Во втором томе 30-томного Собрания сочинений печатается роман «В круге первом». В «Божественной комедии» Данте поместил в «круг первый», самый легкий круг Ада, античных мудрецов. У Солженицына заключенные инженеры и ученые свезены из разных лагерей в спецтюрьму – научно-исследовательский институт, прозванный «шарашкой», где разрабатывают секретную телефонию, государственный заказ. Плотное действие романа умещается всего в три декабрьских дня 1949 года и разворачивается, помимо «шарашки», в кабинете министра Госбезопасности, в студенческом общежитии, на даче Сталина, и на просторах Подмосковья, и на «приеме» в доме сталинского вельможи, и в арестных боксах Лубянки.
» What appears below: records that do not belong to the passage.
(* Let $K=\mathsf{p}^k$ and let $\mathcal{C}\subset (\mathbb{C}^{\mathsf{p}})^{\otimes n}$ be a subspace with orthonormal basis $\{\psi_\alpha\}_{\alpha\in [K]}$ such that, for some $\gamma>0$, \[ \big|\langle\psi_\alpha| F|\psi_\beta\rangle-\delta_{\alpha,\beta}\langle\psi_1| F|\psi_1\rangle\big|\leq \gamma\, \|F\|\qquad\text{for all }\alpha,\beta\in [K] \] and for every $d$-local operator $F$ on $(\mathbb{C}^{\mathsf{p}})^{\otimes n}$. Let $\delta > K^5\gamma^2$. Then $\mathcal{C}$ is an $(\epsilon,\delta)[[n,k,d]]$-AQEDC with $\epsilon=K^5\gamma^2 \delta^{-1}$.
   Context: An operator on $(\mathbb{C}^\mathsf{p})^{\otimes n}$ is $d$-local if it is of the form $F_S\otimes I_{[n]\setminus S}$ for some set $S\subset[n]$ of $d$ sites (the sites need not be contiguous); $\|\cdot\|$ is the operator norm. For a CPTP map $\mathcal{N}$ on $\mathcal{B}((\mathbb{C}^\mathsf{p})^{\otimes n})$ and a subspace $\mathcal{C}$ with projection $P$, $\mathcal{C}$ is an $(\epsilon,\delta)$-approximate error-detection code for $\mathcal{N}$ if for every unit vector $|\Psi\rangle\in\mathcal{C}$: if $\mathrm{tr}(P\mathcal{N}(|\Psi\rangle\langle\Psi|))\geq\delta$ then $\langle\Psi|\rho_{\mathcal{N},P}|\Psi\rangle\geq 1-\epsilon$, where $\rho_{\mathcal{N},P}=\mathrm{tr}(P\mathcal{N}(|\Psi\rangle\langle\Psi|))^{-1}P\mathcal{N}(|\Psi\rangle\langle\Psi|)P$. An $(\epsilon,\delta)[[n,k,d]]$-AQEDC is a $\mathsf{p}^k$-dimensional subspace $\mathcal{C}\subset(\mathbb{C}^\mathsf{p})^{\otimes n}$ which is an $(\epsilon,\delta)$-approximate error-detection code for every CPTP map of the form $\mathcal{N}(\rho)=\sum_{j\in[J]}p_jF_j\rho F_j^\dagger$, where each $F_j$ is $d$-local with $\|F_j\|\le 1$ and $\{p_j\}$ is a probability distribution. *)

theory Defs
  imports "HOL-Analysis.Analysis" "HOL-Library.Function_Algebras"
begin

text \<open>The Hilbert space (C^p)^{tensor n} is modelled by complex-valued functions on the
  computational basis, i.e. on configurations x : {0..<n} -> {0..<p} (extensional).
  Vectors are functions cfg => complex (only values on cfgs p n matter; elements of the
  space are those vanishing outside).  Operators are kernels (matrices) cfg => cfg => complex.\<close>

type_synonym cfg = "nat \<Rightarrow> nat"
type_synonym qvec = "cfg \<Rightarrow> complex"
type_synonym qop = "cfg \<Rightarrow> cfg \<Rightarrow> complex"

definition cfgs :: "nat \<Rightarrow> nat \<Rightarrow> cfg set" where
  "cfgs p n = {..<n} \<rightarrow>\<^sub>E {..<p}"

definition hilb :: "nat \<Rightarrow> nat \<Rightarrow> qvec set" where
  "hilb p n = {v. \<forall>x. x \<notin> cfgs p n \<longrightarrow> v x = 0}"

definition qscale :: "complex \<Rightarrow> qvec \<Rightarrow> qvec" where
  "qscale c v = (\<lambda>x. c * v x)"

definition qinner :: "nat \<Rightarrow> nat \<Rightarrow> qvec \<Rightarrow> qvec \<Rightarrow> complex" where
  "qinner p n u v = (\<Sum>x\<in>cfgs p n. cnj (u x) * v x)"
(* In the setting described in the context, let $\phi,\phi_0\in\Gamma$ be, respectively, a quasi-lower solution and a quasi-upper solution of the wave equation $(W)$, with $\phi(t)\le\phi_0(t)$ for all $t\in\mathbb{R}$. Let $\phi_1:=G(H(\phi_0))$. Then (i) $\phi_1\in\Gamma$; and (ii) $\phi_1$ is an upper solution of $(W)$ and $\phi(t)\le\phi_1(t)\le\phi_0(t)$ for all $t\in\mathbb{R}$.
   Context: Fix $n\ge1$, $\tau\ge0$, a wave speed $c>0$, $D=\mathrm{diag}(d_1,\dots,d_n)$ with all $d_i>0$, and $\mathbf K=(K_1,\dots,K_n)^T$ with all $K_i>0$. Vectors in $\mathbb{R}^n$ are ordered componentwise: $x\le y$ iff $x_i\le y_i$ for all $i$; $[\mathbf 0,\mathbf K]=\{v:\mathbf 0\le v\le\mathbf K\}$. Let $f:C([-\tau,0],\mathbb{R}^n)\to\mathbb{R}^n$ be continuous with $f(\hat 0)=f(\hat K)=0$ and $f(\hat u)\neq0$ for every $u\in[\mathbf 0,\mathbf K]\setminus\{\mathbf 0,\mathbf K\}$, where $\hat u$ denotes the constant function with value $u$. Let $X_c=C([-c\tau,0],\mathbb{R}^n)$ and $f_c:X_c\to\mathbb{R}^n$, $f_c(\psi)=f(\psi^c)$ with $\psi^c(\theta)=\psi(c\theta)$, $\theta\in[-\tau,0]$. For $\phi\in C(\mathbb{R},\mathbb{R}^n)$ and $t\in\mathbb{R}$, $\phi_t\in X_c$ is $\phi_t(s)=\phi(t+s)$. The wave equation is $$D\phi''(t)-c\phi'(t)+f_c(\phi_t)=\mathbf 0,\quad t\in\mathbb{R}.\tag{W}$$ Assume there is $\beta=\mathrm{diag}(\beta_1,\dots,\beta_n)$ with all $\beta_i>0$ such that $f_c(\phi)-f_c(\psi)+\beta[\phi(0)-\psi(0)]\ge\mathbf 0$ whenever $\phi,\psi\in X_c$ with $\mathbf 0\le\psi(\theta)\le\phi(\theta)\le\mathbf K$ for all $\theta$. Define $H(\phi)(t)=f_c(\phi_t)+\beta\phi(t)$. Let $\Gamma$ be the set of nondecreasing $\varphi\in C(\mathbb{R},\mathbb{R}^n)$ with $\lim_{t\to-\infty}\varphi(t)=\mathbf 0$ and $\lim_{t\to+\infty}\varphi(t)=\mathbf K$. For $i=1,\dots,n$ let $\lambda_{1i}=\frac{c-\sqrt{c^2+4\beta_id_i}}{2d_i}<0<\lambda_{2i}=\frac{c+\sqrt{c^2+4\beta_id_i}}{2d_i}$. For bounded $h:\mathbb{R}\to\mathbb{R}^n$, $G(h)$ is the unique bounded $C^1$ solution of $Dx''-cx'-\beta x+h=\mathbf 0$, given componentwise by $G_i(h)(t)=\frac{1}{d_i(\lambda_{2i}-\lambda_{1i})}\big(\int_{-\infty}^te^{\lambda_{1i}(t-s)}h_i(s)ds+\int_t^\infty e^{\lambda_{2i}(t-s)}h_i(s)ds\big)$. An upper solution of (W) is $\rho\in C^2(\mathbb{R},\mathbb{R}^n)$ with $\rho,\rho',\rho''$ bounded and $D\rho''(t)-c\rho'(t)+f_c(\rho_t)\le\mathbf 0$ for all $t$. A quasi-upper solution of (W) is $\rho\in C^1(\mathbb{R},\mathbb{R}^n)$ with $\rho,\rho'$ bounded on $\mathbb{R}$, $\rho''$ existing, continuous and bounded on $\mathbb{R}\setminus\{0\}$ with one-sided limits at $0$, and $D\rho''(t)-c\rho'(t)+f_c(\rho_t)\le\mathbf 0$ for all $t\ne0$. Quasi-lower solutions are defined the same way with the inequality reversed ($\ge\mathbf 0$). *)

theory Defs
  imports "HOL-Analysis.Analysis"
begin

text \<open>Vectors in R^n are modelled as real^'n with 'n a finite index type; the order on
real^'n is the library's componentwise order. Elements of C([-a,0],R^n) are modelled as
functions real => real^'n, of which only the values on [-a,0] matter.
Diagonal matrices D and beta are modelled by their diagonal vectors d and beta.\<close>

definition vmul :: "real^'n \<Rightarrow> real^'n \<Rightarrow> real^'n" where
  "vmul a x = (\<chi> i. a$i * x$i)"

definition const_fun :: "real^'n \<Rightarrow> (real \<Rightarrow> real^'n)" where
  "const_fun u = (\<lambda>\<theta>. u)"

definition local_functional :: "real \<Rightarrow> ((real \<Rightarrow> real^'n) \<Rightarrow> real^'n) \<Rightarrow> bool" where
  "local_functional \<tau> f \<longleftrightarrow>
     (\<forall>\<phi> \<psi>. (\<forall>\<theta>\<in>{-\<tau>..0}. \<phi> \<theta> = \<psi> \<theta>) \<longrightarrow> f \<phi> = f \<psi>)"

definition continuous_functional :: "real \<Rightarrow> ((real \<Rightarrow> real^'n) \<Rightarrow> real^'n) \<Rightarrow> bool" where
  "continuous_functional \<tau> f \<longleftrightarrow>
     (\<forall>\<phi>. continuous_on {-\<tau>..0} \<phi> \<longrightarrow>
        (\<forall>\<epsilon>>0. \<exists>\<delta>>0. \<forall>\<psi>. continuous_on {-\<tau>..0} \<psi> \<and>
            (\<forall>\<theta>\<in>{-\<tau>..0}. dist (\<psi> \<theta>) (\<phi> \<theta>) < \<delta>) \<longrightarrow> dist (f \<psi>) (f \<phi>) < \<epsilon>))"

definition fc :: "((real \<Rightarrow> real^'n) \<Rightarrow> real^'n) \<Rightarrow> real \<Rightarrow> (real \<Rightarrow> real^'n) \<Rightarrow> real^'n" where
  "fc f c \<psi> = f (\<lambda>\<theta>. \<psi> (c * \<theta>))"

definition shift :: "(real \<Rightarrow> real^'n) \<Rightarrow> real \<Rightarrow> (real \<Rightarrow> real^'n)" where
  "shift \<phi> t = (\<lambda>s. \<phi> (t + s))"

definition Hop :: "((real \<Rightarrow> real^'n) \<Rightarrow> real^'n) \<Rightarrow> real \<Rightarrow> real^'n \<Rightarrow> (real \<Rightarrow> real^'n) \<Rightarrow> (real \<Rightarrow> real^'n)" where
  "Hop f c \<beta> \<phi> = (\<lambda>t. fc f c (shift \<phi> t) + vmul \<beta> (\<phi> t))"

definition lam1 :: "real \<Rightarrow> real \<Rightarrow> real \<Rightarrow> real" where
  "lam1 c b d = (c - sqrt (c\<^sup>2 + 4 * b * d)) / (2 * d)"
Динамичный сюжет развивается вокруг поиска дипломата, выдавшего государственную тайну. Переплетение ярких характеров, недюжинных умов, любовная тяга к вольным сотрудницам института, споры и раздумья о судьбах России, о нравственной позиции и личном участии каждого в истории страны.А.И.Солженицын задумал роман в 1948–1949 гг., будучи заключенным в спецтюрьме в Марфино под Москвой. Начал писать в 1955-м, последнюю редакцию сделал в 1968-м, посвятил «друзьям по шарашке».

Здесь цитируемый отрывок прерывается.